Article Text

  1. J E Sears1,
  2. C Sonnie1,
  3. J Pietz2
  1. 1Ophthalmology Department, Cleveland Clinic Foundation, Cleveland, Ohio, USA
  2. 2Pediatrix Inc, Fairview Hospital, Cleveland, Ohio, USA


Objective To determine the incidence of retinopathy of prematurity (ROP) and its characteristics in a level III neonatal intensive care unit before and after a protocol change in the practice of oxygen supplementation.

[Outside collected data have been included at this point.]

(* Let $\alpha_0>0$, $\alpha_1\in\mathbb{R}$, $0<\gamma\notin\mathbb{N}$, $\tilde\alpha_0=\alpha_0/\cos(\frac{\pi}{2}\gamma)$, and $\alpha^*_{pl+}(\omega)=\tilde\alpha_0(-i\omega)^\gamma+\alpha_1(-i\omega)$ for $\omega\in\mathbb{R}$. Let $K(\vec x,t)=\frac{1}{\sqrt{2\pi}}\mathcal{F}^{-1}\{e^{-\alpha^*_{pl+}(\cdot)|\vec x|}\}(t)$. If $\gamma>1$, then $K$ is not causal. If $\gamma\in(0,1)$, then $K$ is causal if and only if $\alpha_1\in[0,\infty)$. *)

theory Defs
  imports "HOL-Analysis.Analysis"
begin

text \<open>Fourier convention: F{f}(w) = integral of f(t) e^{i w t} dt,
  inverse F^{-1}{g}(t) = (1/(2 pi)) integral of g(w) e^{-i w t} dw.
  Complex powers use the principal branch (Isabelle's complex powr).\<close>

definition alpha_tilde0 :: "real \<Rightarrow> real \<Rightarrow> real" where
  "alpha_tilde0 a0 \<gamma> = a0 / cos (pi / 2 * \<gamma>)"

definition alpha_pl_plus :: "real \<Rightarrow> real \<Rightarrow> real \<Rightarrow> real \<Rightarrow> complex" where
  "alpha_pl_plus a0 a1 \<gamma> \<omega> =
     complex_of_real (alpha_tilde0 a0 \<gamma>) * ((- \<i> * complex_of_real \<omega>) powr complex_of_real \<gamma>)
     + complex_of_real a1 * (- \<i> * complex_of_real \<omega>)"

definition inv_fourier :: "(real \<Rightarrow> complex) \<Rightarrow> real \<Rightarrow> complex" where
  "inv_fourier g t = complex_of_real (1 / (2 * pi)) *
     integral\<^sup>L lborel (\<lambda>\<omega>. g \<omega> * exp (- \<i> * complex_of_real (\<omega> * t)))"

definition K_pl :: "real \<Rightarrow> real \<Rightarrow> real \<Rightarrow> 'a::euclidean_space \<Rightarrow> real \<Rightarrow> complex" where
  "K_pl a0 a1 \<gamma> x t = complex_of_real (1 / sqrt (2 * pi)) *
     inv_fourier (\<lambda>\<omega>. exp (- alpha_pl_plus a0 a1 \<gamma> \<omega> * complex_of_real (norm x))) t"

text \<open>Causality: K(x,t) = 0 for all t < 0 (at every x \<noteq> 0; at x = 0 the
  kernel is the distribution delta(t)/sqrt(2 pi), which is trivially causal).\<close>
definition causal :: "('a::euclidean_space \<Rightarrow> real \<Rightarrow> complex) \<Rightarrow> bool" where
  "causal K \<longleftrightarrow> (\<forall>x. x \<noteq> 0 \<longrightarrow> (\<forall>t<0. K x t = 0))"
lemma Tr_norm_divide_trace_power2:
  assumes "u + bar u \<noteq> 0"
  shows "Tr (u * bar u / (u + bar u) ^ 2) = 1"
proof -
  define t where "t = u + bar u"
  have "t \<noteq> 0" and bar_t: "bar t = t"
    using assms by (simp_all add: t_def add.commute)
  have "u * bar u = u ^ 2 + t * u"
    by (simp add: t_def algebra_simps power2_eq_square)
  also have "\<dots> = ((u / t) ^ 2 + u / t) * t ^ 2"
    using \<open>t \<noteq> 0\<close> by (simp add: field_simps power2_eq_square)
  finally have "Tr (u * bar u / t ^ 2) = bar (u / t) + u / t"
    using \<open>t \<noteq> 0\<close> by (simp add: Tr_power2_add)
  also have "\<dots> = (u + bar u) / t"
    by (simp add: bar_t add.commute flip: add_divide_distrib)
  also have "\<dots> = 1"
    using \<open>t \<noteq> 0\<close> by (simp add: t_def)
  finally show ?thesis
    unfolding t_def .
qed

lemma card_norm_trace_fibre_0:
  assumes "A \<in> Fq"
  shows "card (norm_trace_fibre A 0) = 1"
proof -
  have "A \<in> (\<lambda>x. x ^ 2) ` Fq"
    using bij_betw_imp_surj_on[OF bij_betw_power2_subF] assms by simp
  then obtain r where r: "r \<in> Fq" "r ^ 2 = A"
    by blast
  have "norm_trace_fibre A 0 = {r}"
  proof (intro equalityI subsetI)
    fix u assume "u \<in> norm_trace_fibre A 0"
    hence "u * bar u = A" and "bar u = u"
      by (auto simp: norm_trace_fibre_def add_eq_0_iff_eq)
    hence "u ^ 2 = r ^ 2"
      using r by (simp add: power2_eq_square)
    thus "u \<in> {r}"
      by (simp add: power2_eq_power2_iff)
  qed (use r in \<open>simp add: norm_trace_fibre_def subF_iff power2_eq_square\<close>)
  thus ?thesis
    by simp
qed

lemma sum_group_trace:
  fixes h :: "'a \<Rightarrow> 'b::comm_semiring_1"
  shows "(\<Sum>u\<in>C. h (u + bar u)) = (\<Sum>t\<in>Fq. of_nat (card {u\<in>C. u + bar u = t}) * h t)"
proof -
  have "(\<Sum>u\<in>C. h (u + bar u)) = (\<Sum>t\<in>Fq. \<Sum>u\<in>{u\<in>C. u + bar u = t}. h (u + bar u))"
    by (rule sum.group[symmetric]) (auto simp: trace_in_subF)
  also have "\<dots> = (\<Sum>t\<in>Fq. of_nat (card {u\<in>C. u + bar u = t}) * h t)"
    by (intro sum.cong refl) simp
  finally show ?thesis .
qed

lemma card_norm_fibre:
  assumes "c \<noteq> 0"
  shows "card {u. u * bar u = c * bar c} = q + 1"
  using assms by (simp flip: image_mult_unitU add: card_image inj_on_def card_unitU)

lemma card_norm_trace_fibre_nonzero:
  assumes "u * bar u = A" and "u + bar u = t" and "t \<noteq> 0"
  shows "card (norm_trace_fibre A t) = 2" and "Tr (A / t ^ 2) = 1"
proof -
  have "u \<noteq> bar u"
    using assms(2,3) by auto
  thus "card (norm_trace_fibre A t) = 2"
    using norm_trace_fibre_eq[of u] assms(1,2) by simp
  show "Tr (A / t ^ 2) = 1"
    using Tr_norm_divide_trace_power2[of u] assms by simp
qed

lemma two_mult_card_traces_of_norm_fibre:
  assumes "c \<noteq> 0"
  shows "2 * card {t\<in>Fq - {0}. norm_trace_fibre (c * bar c) t \<noteq> {}} = q"
proof -
  let ?A = "c * bar c"
  let ?P = "{t\<in>Fq - {0}. norm_trace_fibre ?A t \<noteq> {}}"
  have "q + 1 = (\<Sum>t\<in>Fq. card (norm_trace_fibre ?A t))"
    using card_norm_fibre[OF assms] sum_group_trace[of "\<lambda>_. 1::nat" "{u. u * bar u = ?A}"]
    by (simp add: norm_trace_fibre_def conj_commute)
  also have "\<dots> = card (norm_trace_fibre ?A 0) + (\<Sum>t\<in>Fq - {0}. card (norm_trace_fibre ?A t))"
    by (rule sum.remove) (simp_all add: subF_0)
  also have "(\<Sum>t\<in>Fq - {0}. card (norm_trace_fibre ?A t)) = (\<Sum>t\<in>?P. 2)"
  proof (rule sum.mono_neutral_cong_right)
    fix t assume "t \<in> ?P"
    then obtain u where "u \<in> norm_trace_fibre ?A t" and "t \<noteq> 0"
      by blast
    thus "card (norm_trace_fibre ?A t) = 2"
      using card_norm_trace_fibre_nonzero(1)[of u ?A t] by (simp add: norm_trace_fibre_def)
  qed auto
  finally show ?thesis
    using card_norm_trace_fibre_0[OF norm_in_subF] by simp
qed

lemma two_mult_card_Tr_divide_power2:
  assumes "A \<in> Fq" and "A \<noteq> 0"
  shows "2 * card {t\<in>Fq - {0}. Tr (A / t ^ 2) = 1} = q"
proof -
  have "card {t\<in>Fq - {0}. Tr (A / t ^ 2) = 1} = (\<Sum>t\<in>Fq - {0}. if Tr (A / t ^ 2) = 1 then 1 else 0)"
    by (simp add: sum.inter_filter[symmetric])
  also have "\<dots> = (\<Sum>s\<in>Fq - {0}. if Tr s = 1 then 1 else 0)"
    by (rule sum.reindex_bij_betw[OF bij_betw_divide_power2[OF assms]])
  also have "\<dots> = card {s\<in>Fq - {0}. Tr s = 1}"
    by (simp add: sum.inter_filter[symmetric])
  also have "{s\<in>Fq - {0}. Tr s = 1} = {s\<in>Fq. Tr s = 1}"
    by auto
  finally show ?thesis
    using card_Tr_eq_1 by simp
qed

lemma card_norm_trace_fibre:
  assumes "c \<noteq> 0" and "t \<in> Fq" and "t \<noteq> 0"
  shows "int (card (norm_trace_fibre (c * bar c) t)) = 1 - sgn1 (Tr (c * bar c / t ^ 2))"
proof -
  let ?A = "c * bar c"
  let ?P = "{t\<in>Fq - {0}. norm_trace_fibre ?A t \<noteq> {}}"
  let ?Q = "{t\<in>Fq - {0}. Tr (?A / t ^ 2) = 1}"
  have "?P \<subseteq> ?Q"
    using card_norm_trace_fibre_nonzero(2) by (auto simp: norm_trace_fibre_def)
  moreover have "card ?P = card ?Q"
    using two_mult_card_traces_of_norm_fibre[OF assms(1)]
      two_mult_card_Tr_divide_power2[OF norm_in_subF[of c]] assms(1) by simp
  ultimately have P_eq_Q: "?P = ?Q"
    by (intro card_subset_eq) simp_all
  show ?thesis
  proof (cases "norm_trace_fibre ?A t = {}")
    case True
    hence "Tr (?A / t ^ 2) \<noteq> 1"
      using P_eq_Q assms by blast
    hence "Tr (?A / t ^ 2) = 0"
      using Tr_subF[of "?A / t ^ 2"] assms(2) by (simp add: norm_in_subF subF_divide subF_power)
    thus ?thesis
      using True by (simp add: sgn1_def)
  next
    case False
    then obtain u where "u * bar u = ?A" and "u + bar u = t"
      by (auto simp: norm_trace_fibre_def)
    thus ?thesis
      using card_norm_trace_fibre_nonzero[of u ?A t] assms(3) by (simp add: sgn1_def)
  qed
qed

lemma kloosterman_eq_sum_power2:
  assumes "A \<in> Fq"
  shows "kloosterman n A = 1 + (\<Sum>t\<in>Fq - {0}. sgn1 (Tr (t ^ 2 + A / t ^ 2)))"
proof -
  have "kloosterman n A = sgn1 (Tr (inverse 0 + A * 0)) + (\<Sum>x\<in>Fq - {0}. sgn1 (Tr (inverse x + A * x)))"
    unfolding kloosterman_def Tr_def[symmetric] by (rule sum.remove) (simp_all add: subF_0)
  also have "(\<Sum>x\<in>Fq - {0}. sgn1 (Tr (inverse x + A * x)))
      = (\<Sum>t\<in>Fq - {0}. sgn1 (Tr (inverse (1 / t ^ 2) + A * (1 / t ^ 2))))"
    by (rule sum.reindex_bij_betw[OF bij_betw_divide_power2[OF subF_1], symmetric]) simp
  finally show ?thesis
    by (simp add: sgn1_def field_simps)
qed

lemma sum_sgn1_tr_mult_unitU:
  assumes "c \<noteq> 0"
  shows "(\<Sum>\<eta>\<in>U. sgn1 (tr 1 (2 * n) (c * \<eta>))) = 1 - kloosterman n (c * bar c)"
proof -
  let ?A = "c * bar c"
  have "(\<Sum>\<eta>\<in>U. sgn1 (tr 1 (2 * n) (c * \<eta>))) = (\<Sum>u\<in>(\<lambda>\<eta>. c * \<eta>) ` U. sgn1 (Tr (u + bar u)))"
    unfolding tr_1_2n_eq using assms by (simp add: sum.reindex inj_on_def)
  also have "(\<lambda>\<eta>. c * \<eta>) ` U = {u. u * bar u = ?A}"
    by (rule image_mult_unitU[OF assms])
  also have "(\<Sum>u | u * bar u = ?A. sgn1 (Tr (u + bar u)))
      = (\<Sum>t\<in>Fq. int (card (norm_trace_fibre ?A t)) * sgn1 (Tr t))"
    using sum_group_trace[of "\<lambda>x. sgn1 (Tr x)" "{u. u * bar u = ?A}"]
    by (simp add: norm_trace_fibre_def)
  also have "\<dots> = 1 + (\<Sum>t\<in>Fq - {0}. (1 - sgn1 (Tr (?A / t ^ 2))) * sgn1 (Tr t))"
    by (simp add: sum.remove[OF _ subF_0] card_norm_trace_fibre_0 norm_in_subF card_norm_trace_fibre assms)
  also have "(\<Sum>t\<in>Fq - {0}. (1 - sgn1 (Tr (?A / t ^ 2))) * sgn1 (Tr t))
      = (\<Sum>t\<in>Fq - {0}. sgn1 (Tr t)) - (\<Sum>t\<in>Fq - {0}. sgn1 (Tr (t ^ 2 + ?A / t ^ 2)))"
    unfolding sum_subtractf[symmetric]
  proof (rule sum.cong[OF refl])
    fix t assume t: "t \<in> Fq - {0}"
    hence "sgn1 (Tr (t ^ 2 + ?A / t ^ 2)) = sgn1 (Tr t) * sgn1 (Tr (?A / t ^ 2))"
      by (simp add: sgn1_Tr_add subF_power subF_divide norm_in_subF Tr_power2_subF)
    thus "(1 - sgn1 (Tr (?A / t ^ 2))) * sgn1 (Tr t) = sgn1 (Tr t) - sgn1 (Tr (t ^ 2 + ?A / t ^ 2))"
      by (simp add: algebra_simps)
  qed
  also have "(\<Sum>t\<in>Fq - {0}. sgn1 (Tr t)) = -1"
    using sum_sgn1_Tr sum.remove[OF _ subF_0, of "\<lambda>t. sgn1 (Tr t)"] by (simp add: sgn1_def)
  finally show ?thesis
    by (simp add: kloosterman_eq_sum_power2 norm_in_subF)
qed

Methods A prospective database recorded the gestational age, birthweight, stage and zone of ROP, and date of examination, as well as maternal characteristics and infant morbidity and mortality. Demographics including gestational age, birth weight, zone, stage, threshold disease, treatment and final outcome were recorded. The main outcome measure was the prevalence of ROP, stage and zone of retinopathy, threshold and progression to retinal detachment or fold.

Results 98 infants were examined before and 92 infants were examined after the change in oxygen. ROP was present in 35% of infants in group 1 compared with 13% in the year after the change in oxygen standards (p = 0.001); stage 3 decreased from 11% to 2% (p = 0.021); threshold disease decreased from 7% to 1% (p = 0.066). Stage 0 (immature vessels, no ROP) incidence increased (pre/post oxygen change 30%/51% stage 0), as did zone 3, whereas there was a decrease in less mature zones, (pre/post oxygen change zone 1: 5%/2%; zone 2: 48%/38%; zone 3: 47%/60%). There were no stage 4 or 5 eyes. Co-morbidity comparison (respiratory distress syndrome, periventricular leucomalacia, sepsis, necrotising enterocolitis, patent ductus arteriosus, steroids for chronic liver disease), maternal characteristics (outborn birth, prenatal care, antenatal steroids, C-section, ethnicity) and mortality were not statistically significant between groups.

Conclusion Comparatively lower oxygen targets at early gestational age and higher oxygen limits at older gestational age decrease the severity and prevalence of ROP.